__WORK TO BE COMPLETED__
Go from the first line below to the one with "(\<lambda>h. ((aniso_sq a" and print each line exactly.

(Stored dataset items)
--------

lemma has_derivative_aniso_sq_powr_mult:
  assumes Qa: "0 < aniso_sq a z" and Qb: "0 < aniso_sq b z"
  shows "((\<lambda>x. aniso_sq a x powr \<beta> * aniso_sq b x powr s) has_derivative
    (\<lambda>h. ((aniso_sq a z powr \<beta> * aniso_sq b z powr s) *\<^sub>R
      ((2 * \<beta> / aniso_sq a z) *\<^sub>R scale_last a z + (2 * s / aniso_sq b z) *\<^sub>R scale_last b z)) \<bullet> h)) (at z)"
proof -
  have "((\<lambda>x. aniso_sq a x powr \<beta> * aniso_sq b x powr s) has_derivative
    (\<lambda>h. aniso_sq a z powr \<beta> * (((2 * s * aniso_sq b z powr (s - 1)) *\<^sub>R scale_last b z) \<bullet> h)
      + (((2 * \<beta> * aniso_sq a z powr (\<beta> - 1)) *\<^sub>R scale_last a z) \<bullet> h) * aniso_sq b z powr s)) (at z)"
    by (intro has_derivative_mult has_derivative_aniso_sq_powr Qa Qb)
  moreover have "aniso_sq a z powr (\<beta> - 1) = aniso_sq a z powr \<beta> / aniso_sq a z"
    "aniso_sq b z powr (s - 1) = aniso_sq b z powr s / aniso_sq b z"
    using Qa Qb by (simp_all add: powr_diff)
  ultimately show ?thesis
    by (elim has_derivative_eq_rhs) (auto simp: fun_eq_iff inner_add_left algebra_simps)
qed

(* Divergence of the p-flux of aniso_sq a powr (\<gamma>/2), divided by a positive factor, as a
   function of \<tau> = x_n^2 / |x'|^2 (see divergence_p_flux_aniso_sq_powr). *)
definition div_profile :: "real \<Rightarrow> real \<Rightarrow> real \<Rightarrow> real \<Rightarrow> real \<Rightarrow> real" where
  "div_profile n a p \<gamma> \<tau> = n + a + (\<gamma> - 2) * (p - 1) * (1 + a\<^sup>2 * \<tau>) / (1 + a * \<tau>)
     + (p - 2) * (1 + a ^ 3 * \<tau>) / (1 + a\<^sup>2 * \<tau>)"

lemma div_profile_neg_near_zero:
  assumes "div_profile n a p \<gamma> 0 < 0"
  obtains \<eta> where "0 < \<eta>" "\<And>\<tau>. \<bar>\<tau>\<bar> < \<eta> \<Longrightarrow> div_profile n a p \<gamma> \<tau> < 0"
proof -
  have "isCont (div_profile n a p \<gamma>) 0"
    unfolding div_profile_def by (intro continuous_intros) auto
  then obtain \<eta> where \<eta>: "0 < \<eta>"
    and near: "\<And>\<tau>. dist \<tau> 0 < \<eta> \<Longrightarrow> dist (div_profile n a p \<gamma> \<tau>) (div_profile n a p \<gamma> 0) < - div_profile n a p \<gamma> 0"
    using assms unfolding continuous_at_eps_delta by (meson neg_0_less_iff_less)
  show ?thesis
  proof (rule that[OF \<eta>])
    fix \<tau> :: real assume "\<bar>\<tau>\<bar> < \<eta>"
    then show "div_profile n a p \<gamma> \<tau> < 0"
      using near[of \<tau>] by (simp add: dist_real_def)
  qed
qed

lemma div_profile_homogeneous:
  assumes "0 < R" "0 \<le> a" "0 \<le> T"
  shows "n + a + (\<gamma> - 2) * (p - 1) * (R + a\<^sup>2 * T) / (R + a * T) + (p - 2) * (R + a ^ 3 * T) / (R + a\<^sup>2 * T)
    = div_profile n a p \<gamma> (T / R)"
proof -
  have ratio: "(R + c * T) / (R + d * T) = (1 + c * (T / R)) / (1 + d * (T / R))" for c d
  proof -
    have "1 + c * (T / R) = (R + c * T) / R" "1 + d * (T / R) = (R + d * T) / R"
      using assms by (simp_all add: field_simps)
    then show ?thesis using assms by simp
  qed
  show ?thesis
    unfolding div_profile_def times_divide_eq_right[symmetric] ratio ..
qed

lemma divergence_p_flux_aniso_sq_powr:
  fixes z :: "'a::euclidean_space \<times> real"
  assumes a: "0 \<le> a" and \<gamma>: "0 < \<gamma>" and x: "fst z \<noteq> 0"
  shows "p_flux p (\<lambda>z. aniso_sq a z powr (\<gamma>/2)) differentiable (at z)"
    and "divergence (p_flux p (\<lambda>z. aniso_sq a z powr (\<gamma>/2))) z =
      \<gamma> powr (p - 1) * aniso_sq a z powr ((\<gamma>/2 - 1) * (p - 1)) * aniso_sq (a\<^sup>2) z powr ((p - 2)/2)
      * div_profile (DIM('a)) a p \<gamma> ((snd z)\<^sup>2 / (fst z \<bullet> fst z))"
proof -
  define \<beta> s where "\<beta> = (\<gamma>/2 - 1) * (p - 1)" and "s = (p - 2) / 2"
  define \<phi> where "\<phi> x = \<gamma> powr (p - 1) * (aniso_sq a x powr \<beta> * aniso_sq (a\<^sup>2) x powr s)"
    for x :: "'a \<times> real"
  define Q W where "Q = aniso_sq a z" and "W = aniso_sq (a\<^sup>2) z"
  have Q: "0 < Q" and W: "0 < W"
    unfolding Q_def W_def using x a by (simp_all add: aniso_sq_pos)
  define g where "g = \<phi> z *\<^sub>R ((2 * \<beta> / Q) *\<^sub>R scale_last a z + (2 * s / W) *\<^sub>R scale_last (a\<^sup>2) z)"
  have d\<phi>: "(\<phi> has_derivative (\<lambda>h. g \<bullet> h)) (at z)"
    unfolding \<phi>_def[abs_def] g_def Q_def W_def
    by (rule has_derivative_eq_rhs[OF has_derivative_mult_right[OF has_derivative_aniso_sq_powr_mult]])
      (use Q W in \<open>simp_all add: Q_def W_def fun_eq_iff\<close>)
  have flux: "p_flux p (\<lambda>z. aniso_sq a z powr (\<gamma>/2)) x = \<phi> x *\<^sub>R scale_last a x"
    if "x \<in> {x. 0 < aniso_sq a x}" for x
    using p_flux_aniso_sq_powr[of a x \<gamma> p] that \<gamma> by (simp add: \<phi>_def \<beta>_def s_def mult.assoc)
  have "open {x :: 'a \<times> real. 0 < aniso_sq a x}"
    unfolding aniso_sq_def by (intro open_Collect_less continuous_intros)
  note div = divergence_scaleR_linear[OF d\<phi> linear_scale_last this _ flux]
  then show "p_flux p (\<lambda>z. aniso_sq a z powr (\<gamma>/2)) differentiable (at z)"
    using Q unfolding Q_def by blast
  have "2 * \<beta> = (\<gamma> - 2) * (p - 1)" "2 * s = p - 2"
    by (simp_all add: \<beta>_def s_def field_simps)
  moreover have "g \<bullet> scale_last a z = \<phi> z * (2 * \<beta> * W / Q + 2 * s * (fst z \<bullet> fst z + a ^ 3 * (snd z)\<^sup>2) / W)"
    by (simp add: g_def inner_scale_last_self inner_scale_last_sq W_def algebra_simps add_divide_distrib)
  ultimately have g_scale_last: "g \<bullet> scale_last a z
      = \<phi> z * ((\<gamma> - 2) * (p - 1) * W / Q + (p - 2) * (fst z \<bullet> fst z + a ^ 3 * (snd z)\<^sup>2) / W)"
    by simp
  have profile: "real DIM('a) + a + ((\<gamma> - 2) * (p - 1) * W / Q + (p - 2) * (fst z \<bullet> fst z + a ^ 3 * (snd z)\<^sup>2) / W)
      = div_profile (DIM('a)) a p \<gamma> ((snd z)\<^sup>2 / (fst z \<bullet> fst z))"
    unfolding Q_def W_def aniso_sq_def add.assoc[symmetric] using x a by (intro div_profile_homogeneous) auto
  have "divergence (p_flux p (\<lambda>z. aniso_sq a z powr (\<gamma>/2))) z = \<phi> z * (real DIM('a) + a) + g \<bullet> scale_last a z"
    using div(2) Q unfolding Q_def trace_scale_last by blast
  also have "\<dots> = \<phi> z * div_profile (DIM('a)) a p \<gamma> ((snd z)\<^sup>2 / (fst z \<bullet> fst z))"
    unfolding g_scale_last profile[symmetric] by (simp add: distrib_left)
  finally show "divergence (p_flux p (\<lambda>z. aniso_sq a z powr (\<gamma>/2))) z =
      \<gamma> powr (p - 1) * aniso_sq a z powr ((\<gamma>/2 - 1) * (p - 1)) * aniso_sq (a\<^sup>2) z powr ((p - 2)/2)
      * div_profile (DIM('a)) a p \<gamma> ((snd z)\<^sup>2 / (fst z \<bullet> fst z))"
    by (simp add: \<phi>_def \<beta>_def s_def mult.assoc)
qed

--------

__YOUR RESPONSE__
lemma has_derivative_aniso_sq_powr_mult:
  assumes Qa: "0 < aniso_sq a z" and Qb: "0 < aniso_sq b z"
  shows "((\<lambda>x. aniso_sq a x powr \<beta> * aniso_sq b x powr s) has_derivative
    (\<lambda>h. ((aniso_sq a z powr \<beta> * aniso_sq b z powr s) *\<^sub>R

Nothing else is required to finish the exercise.